My husband and I separated earlier this year, and were apart for almost 6 months. He was dealing with some issues that had crept up from his childhood; they bled into our marriage and we split because of them. He filed for divorce so I believed the marriage was over. During the separation [after the divorce filing] I became pregnant by a man I was casually seeing, and I decided to keep the baby - even though the man wanted no involvement with the pregnancy. Right around the same time my husband realized [after months of therapy] he had made a mistake and wanted to give it another shot. He was aware that I was pregnant at this time.

We've been back together about two months now and we love being back in each other's lives. But... the baby is coming in two months and my husband is realizing he is having a hard time dealing with the idea of raising another man's child. Now that I'm starting to show I think it's starting to become more real for him. He's still in therapy [alone and we go together] but we agree he needs to take an honest look at things and figure out whether we can make this work... or not. He is worried he'll resent the child it's whole life and knows that is unfair.

Has anyone been through anything like this? I think it would help the mister greatly to get advice from anyone who has been through a situation even remotely similar. We appreciate any input, good or bad!

Posted

I haven't been in this situation before and it definitely isn't ideal but at the end of the day, if this man truly loves you, he will do what he needs to do to accept this baby and will eventually learn to love the child like his own.
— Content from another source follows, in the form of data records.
lemma compose_emb_assoc:
  "f \<in> emb ar L A K \<Longrightarrow>
    compose (univ A) (compose (univ K) g h) f = compose (univ A) g (compose (univ A) h f)"
  by (rule compose_assoc[symmetric]) (auto dest: embD)

section \<open>Atomic types\<close>

definition qf_atoms :: "('r \<Rightarrow> nat) \<Rightarrow> 'r set \<Rightarrow> nat \<Rightarrow> 'r qf set" where
  "qf_atoms ar Lx n =
     (\<lambda>(R, is). QAtom R is) ` (SIGMA R:Lx. {is. set is \<subseteq> {..<n} \<and> length is = ar R}) \<union>
     (\<lambda>(i, j). QEq i j) ` ({..<n} \<times> {..<n})"

lemma finite_qf_atoms: "finite Lx \<Longrightarrow> finite (qf_atoms ar Lx n)"
  unfolding qf_atoms_def by (auto intro!: finite_SigmaI finite_lists_length_eq)

lemma QAtom_in_qf_atoms:
  "R \<in> Lx \<Longrightarrow> length is = ar R \<Longrightarrow> set is \<subseteq> {..<n} \<Longrightarrow> QAtom R is \<in> qf_atoms ar Lx n"
  unfolding qf_atoms_def by force

lemma QEq_in_qf_atoms: "i < n \<Longrightarrow> j < n \<Longrightarrow> QEq i j \<in> qf_atoms ar Lx n"
  unfolding qf_atoms_def by force

lemma qf_atomsE:
  assumes "a \<in> qf_atoms ar Lx n"
  obtains R "is" where "a = QAtom R is" "R \<in> Lx" "length is = ar R" "set is \<subseteq> {..<n}"
  | i j where "a = QEq i j" "i < n" "j < n"
  using assms unfolding qf_atoms_def by auto

lemma wf_qf_atoms: "a \<in> qf_atoms ar Lx n \<Longrightarrow> wf_qf ar Lx n a"
  by (auto simp: qf_atoms_def)

definition atomic_type :: "('r \<Rightarrow> nat) \<Rightarrow> 'r set \<Rightarrow> ('r, 'a) struc \<Rightarrow> 'a list \<Rightarrow> nat \<times> 'r qf set" where
  "atomic_type ar Lx M xs = (length xs, {a \<in> qf_atoms ar Lx (length xs). sat M a (\<lambda>i. xs ! i)})"

lemma atomic_type_eqI:
  assumes "length xs = length ys"
    and "\<And>a. a \<in> qf_atoms ar Lx (length xs) \<Longrightarrow> sat M a (\<lambda>i. xs ! i) \<longleftrightarrow> sat N a (\<lambda>i. ys ! i)"
  shows "atomic_type ar Lx M xs = atomic_type ar Lx N ys"
  using assms unfolding atomic_type_def by auto

lemma atomic_type_eq_length:
  "atomic_type ar Lx M xs = atomic_type ar Lx N ys \<Longrightarrow> length xs = length ys"
  by (simp add: atomic_type_def)

lemma atomic_type_eq_sat_iff:
  assumes "atomic_type ar Lx M xs = atomic_type ar Lx N ys" "a \<in> qf_atoms ar Lx (length xs)"
  shows "sat M a (\<lambda>i. xs ! i) \<longleftrightarrow> sat N a (\<lambda>i. ys ! i)"
proof -
  have "{a \<in> qf_atoms ar Lx (length xs). sat M a (\<lambda>i. xs ! i)} =
      {a \<in> qf_atoms ar Lx (length xs). sat N a (\<lambda>i. ys ! i)}"
    using assms(1) atomic_type_eq_length[OF assms(1)] unfolding atomic_type_def by simp
  then show ?thesis using assms(2) by blast
qed

lemma atomic_type_eq_nth_iff:
  assumes "atomic_type ar Lx M xs = atomic_type ar Lx N ys" "i < length xs" "j < length xs"
  shows "xs ! i = xs ! j \<longleftrightarrow> ys ! i = ys ! j"
  using atomic_type_eq_sat_iff[OF assms(1) QEq_in_qf_atoms[OF assms(2,3)]] by simp

lemma atomic_type_eq_rel_iff:
  assumes "atomic_type ar Lx M xs = atomic_type ar Lx N ys"
    and "R \<in> Lx" "length is = ar R" "set is \<subseteq> {..<length xs}"
  shows "rel M R (map (\<lambda>i. xs ! i) is) \<longleftrightarrow> rel N R (map (\<lambda>i. ys ! i) is)"
  using atomic_type_eq_sat_iff[OF assms(1) QAtom_in_qf_atoms[where ar = ar, OF assms(2-)]] by simp

lemma rel_eq_if_atomic_type_eq:
  assumes "atomic_type ar Lx M xs = atomic_type ar Lx N ys" "R \<in> Lx" "length xs = ar R"
  shows "rel M R xs \<longleftrightarrow> rel N R ys"
proof -
  have len: "length ys = ar R" using assms(3) atomic_type_eq_length[OF assms(1)] by simp
  have "rel M R (map (\<lambda>i. xs ! i) [0..<ar R]) \<longleftrightarrow> rel N R (map (\<lambda>i. ys ! i) [0..<ar R])"
    by (rule atomic_type_eq_rel_iff[OF assms(1,2)]) (use assms(3) in auto)
  then show ?thesis using assms(3) len map_nth by metis
qed

lemma finite_atomic_types:
  assumes "finite Lx" "finite N"
  shows "finite (atomic_type ar Lx M ` {xs. length xs \<in> N})"
proof (rule finite_subset)
  show "atomic_type ar Lx M ` {xs. length xs \<in> N} \<subseteq> (SIGMA n:N. Pow (qf_atoms ar Lx n))"
    by (auto simp: atomic_type_def)
  show "finite (SIGMA n:N. Pow (qf_atoms ar Lx n))"
    using assms by (simp add: finite_qf_atoms)
qed

lemma atomic_type_emb:
  assumes f: "f \<in> emb ar Lx A B" and xs: "set xs \<subseteq> univ A"
  shows "atomic_type ar Lx B (map f xs) = atomic_type ar Lx A xs"
proof (rule atomic_type_eqI)
  note F = embD[OF f]
  fix a assume "a \<in> qf_atoms ar Lx (length (map f xs))"
  then show "sat B a (\<lambda>i. map f xs ! i) \<longleftrightarrow> sat A a (\<lambda>i. xs ! i)"
  proof (cases rule: qf_atomsE)
    case (1 R "is")
    have "map (\<lambda>i. map f xs ! i) is = map f (map (\<lambda>i. xs ! i) is)" using 1 by auto
    moreover have "rel A R (map (\<lambda>i. xs ! i) is) \<longleftrightarrow> rel B R (map f (map (\<lambda>i. xs ! i) is))"
      by (rule F(4)) (use 1 xs nth_mem in fastforce)+
    ultimately show ?thesis using 1 by (simp del: map_map)
  next
    case (2 i j)
    then show ?thesis using F(3) xs nth_mem by (simp add: inj_on_eq_iff subset_iff)
  qed
qed simp

lemma ex_indices_map_nth:
  "set ws \<subseteq> set zs \<Longrightarrow> \<exists>is. set is \<subseteq> {..<length zs} \<and> ws = map (\<lambda>i. zs ! i) is"
proof (induction ws)
  case (Cons w ws)
  then obtain "is" i where "set is \<subseteq> {..<length zs}" "ws = map (\<lambda>i. zs ! i) is"
    "i < length zs" "w = zs ! i"
    by (auto simp: in_set_conv_nth)
  then show ?case by (intro exI[of _ "i # is"]) auto
qed simp

lemma emb_if_atomic_type_eq:
  assumes "f \<in> extensional (univ A)" "f ` univ A \<subseteq> univ B" "univ A = set zs"
    and type: "atomic_type ar Lx B (map f zs) = atomic_type ar Lx A zs"
  shows "f \<in> emb ar Lx A B"
proof -
  have "inj_on f (univ A)"
  proof (rule inj_onI)
    fix z z' assume z: "z \<in> univ A" "z' \<in> univ A" "f z = f z'"
    obtain i j where ij: "i < length zs" "j < length zs" "z = zs ! i" "z' = zs ! j"
      using z(1,2) assms(3) by (metis in_set_conv_nth)
    then have "map f zs ! i = map f zs ! j" using z(3) by simp
    then show "z = z'" using atomic_type_eq_nth_iff[OF type] ij by simp
  qed
  moreover have "rel A R ws \<longleftrightarrow> rel B R (map f ws)"
    if R: "R \<in> Lx" and ws: "length ws = ar R" "set ws \<subseteq> univ A" for R ws
  proof -
    obtain "is" where "is": "set is \<subseteq> {..<length zs}" "ws = map (\<lambda>i. zs ! i) is"
      using ex_indices_map_nth[OF ws(2)[unfolded assms(3)]] by blast
    then have "map f ws = map (\<lambda>i. map f zs ! i) is" by (auto simp: subset_iff)
    then show ?thesis
      using atomic_type_eq_rel_iff[OF type R, of "is"] "is" ws(1) by (simp del: map_map)
  qed
  ultimately show ?thesis using assms(1,2) unfolding emb_def by simp
qed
Continuing therapy will be especially useful in this case because there are a lot of mixed emotions involved.

 

It will be incredibly difficult but it's definitely possible for things to work out if he feels your relationship is enough of an incentive to bother with it all. If there's a will, there's a way. so it really depends on how much you love eachother and how strong the will is.

 

Good luck to both of you and to your child!

Posted

If he stays, I think he should legally adopt the child so it is officially "his." That may make him feel that he's not "raising another man's child" - it will be his. DNA is not the definition of parenthood.